[AI] LLM RAG 환경 구성 - 2 Ollama 실행 및 모델 등록 > 머신러닝/AI 자료실

본문 바로가기

사이트 내 전체검색

뒤로가기 머신러닝/AI 자료실

[AI] LLM RAG 환경 구성 - 2 Ollama 실행 및 모델 등록

페이지 정보

작성자 꿈꾸는여행자 작성일 24-06-27 15:10 조회 1,014 댓글 0

본문

안녕하세요.

 

꿈꾸는여행자입니다.

 

 

LLM RAG 환경 구성을 다루고자 합니다.


이번 항목에서는 Ollama 실행 및 모델 등록 실습을 진행해 보도록 하겠습니다. 

 

상세 내역은 아래와 같습니다.



감사합니다. 


> 아래 

 

 


________________




2.3. HuggingFace-Hub

* HuggingFace gguf 파일을 Ollama 로딩



2.3.1. HuggingFace-Hub 설치

* 설치

   * gguf 환경에서 사용하기 위해 huggingface 구성 

      * 3분 소요

pip install huggingface-hub

(env) [lds@llm llm]$ pip install huggingface-hub

Collecting huggingface-hub

  Using cached huggingface_hub-0.22.2-py3-none-any.whl (388 kB)

Collecting filelock

  Using cached filelock-3.14.0-py3-none-any.whl (12 kB)

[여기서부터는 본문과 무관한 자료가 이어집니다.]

(* Suppose treatment assignment is ignorable given covariates $\mathbf{x}$ with aliasing by the function $\beta(\mathbf{x},\mathbf{w})$. Let $\mathbf{e}(\mathbf{x})=(\Pr(Z_1=1\mid\mathbf{x}),\ldots,\Pr(Z_G=1\mid\mathbf{x}))$ and let $\mathbf{f}(\cdot)$ be any (measurable) function. Then (a) $\mathbf{Z}$ is conditionally independent of $\{r_1-\beta(\mathbf{x},\mathbf{w}_1),\ldots,r_G-\beta(\mathbf{x},\mathbf{w}_G)\}$ given $\{\mathbf{e}(\mathbf{x}),\mathbf{f}(\mathbf{x})\}$; (b) $0<\Pr\{Z_g=1\mid \mathbf{e}(\mathbf{x}),\mathbf{f}(\mathbf{x})\}<1$ for $g=1,\ldots,G$; (c) if in addition the contrast $h_1,\ldots,h_G$ (constants with $\sum_g h_g=0$, not all zero) is not aliased with $\beta(\mathbf{x},\mathbf{w})$, then $$\mathrm{E}\Big\{\sum_{g=1}^G h_g r_g\,\Big|\,\mathbf{e}(\mathbf{x}),\mathbf{f}(\mathbf{x})\Big\}=\sum_{g=1}^G h_g\,\mathrm{E}\big\{R\,\big|\,Z_g=1,\mathbf{e}(\mathbf{x}),\mathbf{f}(\mathbf{x})\big\}.$$
   Context: There are $G$ treatment groups. Each individual has a random vector $\mathbf{Z}=(Z_1,\ldots,Z_G)$ with $Z_g\in\{0,1\}$ and $\sum_{g=1}^G Z_g=1$. Each individual has observed covariates $\mathbf{x}$ and observed "eligibility" covariates $\mathbf{w}$; there are fixed distinct values $\mathbf{w}_1,\ldots,\mathbf{w}_G$ such that $Z_g=1$ if and only if $\mathbf{w}=\mathbf{w}_g$. Each individual has potential responses $r_1,\ldots,r_G$, and the observed response is $R=\sum_{g=1}^G Z_g r_g$. All expectations are assumed to exist. Definition (ignorable with aliasing): treatment assignment is ignorable given $\mathbf{x}$ with aliasing by a function $\beta(\mathbf{x},\mathbf{w})$ if (i) $\mathbf{Z}$ is conditionally independent of $\{r_1-\beta(\mathbf{x},\mathbf{w}_1),\ldots,r_G-\beta(\mathbf{x},\mathbf{w}_G)\}$ given $\mathbf{x}$, and (ii) $0<\Pr(Z_g=1\mid\mathbf{x})<1$ for $g=1,\ldots,G$. Definition (not aliased): a contrast $h_1,\ldots,h_G$ is not aliased with $\beta(\mathbf{x},\mathbf{w})$ if $\sum_{g=1}^G h_g\,\beta(\mathbf{x},\mathbf{w}_g)=0$ for all $\mathbf{x}$. *)

theory Defs
  imports "HOL-Probability.Probability"
begin

definition cond_indep_given ::
  "'a measure \<Rightarrow> 'a measure \<Rightarrow> 'a measure \<Rightarrow> 'a measure \<Rightarrow> bool" where
  "cond_indep_given M A B F \<longleftrightarrow>
     (\<forall>S\<in>sets A. \<forall>T\<in>sets B. AE \<omega> in M.
        real_cond_exp M F (indicator (S \<inter> T)) \<omega>
          = real_cond_exp M F (indicator S) \<omega> * real_cond_exp M F (indicator T) \<omega>)"

definition cond_prob :: "'a measure \<Rightarrow> 'a measure \<Rightarrow> 'a set \<Rightarrow> 'a \<Rightarrow> real" where
  "cond_prob M F A = real_cond_exp M F (indicator A)"

definition cond_exp_event ::
  "'a measure \<Rightarrow> 'a measure \<Rightarrow> 'a set \<Rightarrow> ('a \<Rightarrow> real) \<Rightarrow> 'a \<Rightarrow> real" where
  "cond_exp_event M F A X =
     (\<lambda>\<omega>. real_cond_exp M F (\<lambda>\<eta>. indicator A \<eta> * X \<eta>) \<omega> / cond_prob M F A \<omega>)"

definition gen_vec :: "'a measure \<Rightarrow> nat \<Rightarrow> (nat \<Rightarrow> 'a \<Rightarrow> real) \<Rightarrow> 'a measure" where
  "gen_vec M G V = vimage_algebra (space M) (\<lambda>\<omega>. restrict (\<lambda>g. V g \<omega>) {1..G})
                                  (PiM {1..G} (\<lambda>_. borel))"

text \<open>Ignorability given x with aliasing by beta (groups are indexed 1..G).
  Z g is the 0/1 indicator Z_g, r g is the potential response r_g, wg g is w_g.\<close>
definition ignorable_alias ::
  "'a measure \<Rightarrow> nat \<Rightarrow> 'x measure \<Rightarrow> ('a \<Rightarrow> 'x) \<Rightarrow> (nat \<Rightarrow> 'a \<Rightarrow> real)
    \<Rightarrow> (nat \<Rightarrow> 'a \<Rightarrow> real) \<Rightarrow> ('x \<Rightarrow> 'w \<Rightarrow> real) \<Rightarrow> (nat \<Rightarrow> 'w) \<Rightarrow> bool" where
  "ignorable_alias M G X x Z r \<beta> wg \<longleftrightarrow>
     cond_indep_given M (gen_vec M G Z) (gen_vec M G (\<lambda>g \<omega>. r g \<omega> - \<beta> (x \<omega>) (wg g)))
       (vimage_algebra (space M) x X)
   \<and> (\<forall>g\<in>{1..G}. AE \<omega> in M.
        0 < cond_prob M (vimage_algebra (space M) x X) {\<eta>\<in>space M. Z g \<eta> = 1} \<omega>
      \<and> cond_prob M (vimage_algebra (space M) x X) {\<eta>\<in>space M. Z g \<eta> = 1} \<omega> < 1)"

Collecting fsspec>=2023.5.0

  Using cached fsspec-2024.3.1-py3-none-any.whl (171 kB)

Collecting packaging>=20.9

  Using cached packaging-24.0-py3-none-any.whl (53 kB)

Collecting pyyaml>=5.1

  Downloading PyYAML-6.0.1-cp311-cp311-manylinux_2_17_x86_64.manylinux2014_x86_64.whl (757 kB)

     ━━━━━━━━━━━━━━━━━━━━━━━━━━━━━━━━━━━━━━━━ 757.7/757.7 kB 2.2 MB/s eta 0:00:00

Collecting requests

  Using cached requests-2.31.0-py3-none-any.whl (62 kB)

Collecting tqdm>=4.42.1

  Using cached tqdm-4.66.2-py3-none-any.whl (78 kB)

Collecting typing-extensions>=3.7.4.3

  Using cached typing_extensions-4.11.0-py3-none-any.whl (34 kB)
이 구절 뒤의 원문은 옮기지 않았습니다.